■ Work to be completed
Below are several entries. Transcribe exactly those lines that fall from the one with "(use p1(2) p2_def in simp)" through the one with "diamX N y s) s", end lines included.

■ Supplied data
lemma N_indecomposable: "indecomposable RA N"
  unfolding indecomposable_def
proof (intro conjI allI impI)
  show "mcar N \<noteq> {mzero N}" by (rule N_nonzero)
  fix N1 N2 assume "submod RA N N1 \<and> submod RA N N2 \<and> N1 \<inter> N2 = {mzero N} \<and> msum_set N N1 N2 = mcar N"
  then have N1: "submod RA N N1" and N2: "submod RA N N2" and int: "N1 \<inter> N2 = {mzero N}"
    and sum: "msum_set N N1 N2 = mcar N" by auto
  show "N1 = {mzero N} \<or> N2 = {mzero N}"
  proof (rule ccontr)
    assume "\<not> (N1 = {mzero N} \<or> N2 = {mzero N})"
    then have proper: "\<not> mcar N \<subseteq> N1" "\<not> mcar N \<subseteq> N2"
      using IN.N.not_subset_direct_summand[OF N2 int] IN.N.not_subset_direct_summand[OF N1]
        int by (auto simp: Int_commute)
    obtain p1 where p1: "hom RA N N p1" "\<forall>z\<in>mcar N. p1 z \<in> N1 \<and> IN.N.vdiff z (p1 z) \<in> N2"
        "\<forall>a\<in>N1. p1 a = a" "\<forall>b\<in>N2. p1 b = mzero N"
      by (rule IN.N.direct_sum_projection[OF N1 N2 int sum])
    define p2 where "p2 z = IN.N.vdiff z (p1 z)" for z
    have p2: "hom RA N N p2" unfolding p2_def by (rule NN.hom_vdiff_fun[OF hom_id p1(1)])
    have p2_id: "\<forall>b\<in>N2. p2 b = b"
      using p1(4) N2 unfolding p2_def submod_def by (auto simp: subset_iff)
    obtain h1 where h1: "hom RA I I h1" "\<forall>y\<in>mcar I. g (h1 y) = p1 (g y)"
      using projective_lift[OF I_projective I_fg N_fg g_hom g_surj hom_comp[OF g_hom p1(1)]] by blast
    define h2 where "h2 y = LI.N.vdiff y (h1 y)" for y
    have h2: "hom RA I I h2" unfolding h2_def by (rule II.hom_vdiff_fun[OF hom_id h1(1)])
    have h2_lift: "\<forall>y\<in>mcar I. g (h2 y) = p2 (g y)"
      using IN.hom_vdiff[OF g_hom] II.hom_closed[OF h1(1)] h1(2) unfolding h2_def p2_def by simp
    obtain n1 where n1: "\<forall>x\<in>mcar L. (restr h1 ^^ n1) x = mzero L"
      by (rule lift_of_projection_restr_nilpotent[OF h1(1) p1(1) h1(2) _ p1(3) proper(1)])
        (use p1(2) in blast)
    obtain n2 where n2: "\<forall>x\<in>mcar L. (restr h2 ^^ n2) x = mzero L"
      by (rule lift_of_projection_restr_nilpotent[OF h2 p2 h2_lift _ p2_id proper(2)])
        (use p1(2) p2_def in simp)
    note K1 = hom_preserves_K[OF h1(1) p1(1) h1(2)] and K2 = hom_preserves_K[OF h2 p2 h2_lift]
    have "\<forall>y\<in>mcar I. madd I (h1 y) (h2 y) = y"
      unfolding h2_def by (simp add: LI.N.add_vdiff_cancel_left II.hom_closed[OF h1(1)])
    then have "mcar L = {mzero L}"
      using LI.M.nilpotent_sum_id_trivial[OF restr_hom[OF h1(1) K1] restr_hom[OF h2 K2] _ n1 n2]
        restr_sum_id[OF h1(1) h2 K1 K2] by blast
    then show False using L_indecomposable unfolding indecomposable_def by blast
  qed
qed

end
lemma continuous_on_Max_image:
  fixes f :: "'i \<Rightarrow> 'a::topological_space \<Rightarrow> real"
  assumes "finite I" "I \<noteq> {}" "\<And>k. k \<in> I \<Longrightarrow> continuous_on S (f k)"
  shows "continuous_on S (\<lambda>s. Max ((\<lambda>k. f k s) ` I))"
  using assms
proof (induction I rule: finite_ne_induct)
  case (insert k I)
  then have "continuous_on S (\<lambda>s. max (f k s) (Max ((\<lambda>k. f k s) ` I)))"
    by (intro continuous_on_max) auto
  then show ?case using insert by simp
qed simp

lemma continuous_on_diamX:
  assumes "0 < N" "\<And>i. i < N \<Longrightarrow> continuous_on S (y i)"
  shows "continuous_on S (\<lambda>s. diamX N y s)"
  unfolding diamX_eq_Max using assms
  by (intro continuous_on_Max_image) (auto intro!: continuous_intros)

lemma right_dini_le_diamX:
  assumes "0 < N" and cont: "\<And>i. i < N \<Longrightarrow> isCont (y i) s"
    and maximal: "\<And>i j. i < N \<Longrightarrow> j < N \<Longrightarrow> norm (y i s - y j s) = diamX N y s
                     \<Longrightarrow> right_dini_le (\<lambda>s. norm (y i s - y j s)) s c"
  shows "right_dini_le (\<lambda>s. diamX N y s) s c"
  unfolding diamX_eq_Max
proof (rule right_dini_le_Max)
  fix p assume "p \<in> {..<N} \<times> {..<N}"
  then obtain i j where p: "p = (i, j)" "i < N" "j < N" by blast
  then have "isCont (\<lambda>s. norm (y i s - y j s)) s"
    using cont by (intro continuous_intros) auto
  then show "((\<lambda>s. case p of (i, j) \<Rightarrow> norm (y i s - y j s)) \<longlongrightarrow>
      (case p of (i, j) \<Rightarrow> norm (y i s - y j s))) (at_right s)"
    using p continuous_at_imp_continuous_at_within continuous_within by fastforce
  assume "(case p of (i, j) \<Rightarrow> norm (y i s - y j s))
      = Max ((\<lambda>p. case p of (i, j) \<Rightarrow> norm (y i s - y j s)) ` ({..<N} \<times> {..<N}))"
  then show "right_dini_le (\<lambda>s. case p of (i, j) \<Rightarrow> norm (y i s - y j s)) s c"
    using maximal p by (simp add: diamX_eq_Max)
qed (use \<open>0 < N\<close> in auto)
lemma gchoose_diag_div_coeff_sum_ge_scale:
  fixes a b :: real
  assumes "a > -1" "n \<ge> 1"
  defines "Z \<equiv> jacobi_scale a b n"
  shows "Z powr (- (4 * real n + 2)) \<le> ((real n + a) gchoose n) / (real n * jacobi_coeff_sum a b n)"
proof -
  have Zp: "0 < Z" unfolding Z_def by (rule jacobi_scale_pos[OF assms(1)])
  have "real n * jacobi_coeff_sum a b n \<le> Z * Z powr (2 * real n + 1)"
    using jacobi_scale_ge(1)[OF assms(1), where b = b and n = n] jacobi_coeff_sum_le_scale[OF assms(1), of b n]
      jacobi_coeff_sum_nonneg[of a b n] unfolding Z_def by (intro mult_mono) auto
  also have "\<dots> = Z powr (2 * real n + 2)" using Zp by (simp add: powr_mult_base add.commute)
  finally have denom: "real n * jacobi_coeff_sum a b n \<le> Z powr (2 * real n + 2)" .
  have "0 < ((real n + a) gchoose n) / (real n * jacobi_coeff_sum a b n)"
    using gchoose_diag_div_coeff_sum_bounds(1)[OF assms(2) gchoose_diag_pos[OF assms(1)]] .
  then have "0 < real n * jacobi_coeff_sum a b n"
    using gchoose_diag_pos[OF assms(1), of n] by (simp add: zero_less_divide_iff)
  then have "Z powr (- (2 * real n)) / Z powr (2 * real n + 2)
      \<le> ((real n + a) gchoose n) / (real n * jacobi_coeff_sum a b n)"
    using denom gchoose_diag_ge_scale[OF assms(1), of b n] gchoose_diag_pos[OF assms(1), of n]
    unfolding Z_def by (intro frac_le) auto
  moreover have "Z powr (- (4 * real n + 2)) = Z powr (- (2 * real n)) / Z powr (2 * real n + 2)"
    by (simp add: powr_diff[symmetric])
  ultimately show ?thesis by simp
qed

■ Solution for this problem
        (use p1(2) p2_def in simp)
    note K1 = hom_preserves_K[OF h1(1) p1(1) h1(2)] and K2 = hom_preserves_K[OF h2 p2 h2_lift]
    have "\<forall>y\<in>mcar I. madd I (h1 y) (h2 y) = y"
      unfolding h2_def by (simp add: LI.N.add_vdiff_cancel_left II.hom_closed[OF h1(1)])
    then have "mcar L = {mzero L}"
      using LI.M.nilpotent_sum_id_trivial[OF restr_hom[OF h1(1) K1] restr_hom[OF h2 K2] _ n1 n2]
        restr_sum_id[OF h1(1) h2 K1 K2] by blast
    then show False using L_indecomposable unfolding indecomposable_def by blast
  qed
qed

end
lemma continuous_on_Max_image:
  fixes f :: "'i \<Rightarrow> 'a::topological_space \<Rightarrow> real"
  assumes "finite I" "I \<noteq> {}" "\<And>k. k \<in> I \<Longrightarrow> continuous_on S (f k)"
  shows "continuous_on S (\<lambda>s. Max ((\<lambda>k. f k s) ` I))"
  using assms
proof (induction I rule: finite_ne_induct)
  case (insert k I)
  then have "continuous_on S (\<lambda>s. max (f k s) (Max ((\<lambda>k. f k s) ` I)))"
    by (intro continuous_on_max) auto
  then show ?case using insert by simp
qed simp

lemma continuous_on_diamX:
  assumes "0 < N" "\<And>i. i < N \<Longrightarrow> continuous_on S (y i)"
  shows "continuous_on S (\<lambda>s. diamX N y s)"
  unfolding diamX_eq_Max using assms
  by (intro continuous_on_Max_image) (auto intro!: continuous_intros)

lemma right_dini_le_diamX:
  assumes "0 < N" and cont: "\<And>i. i < N \<Longrightarrow> isCont (y i) s"
    and maximal: "\<And>i j. i < N \<Longrightarrow> j < N \<Longrightarrow> norm (y i s - y j s) = diamX N y s
                     \<Longrightarrow> right_dini_le (\<lambda>s. norm (y i s - y j s)) s c"
  shows "right_dini_le (\<lambda>s. diamX N y s) s c"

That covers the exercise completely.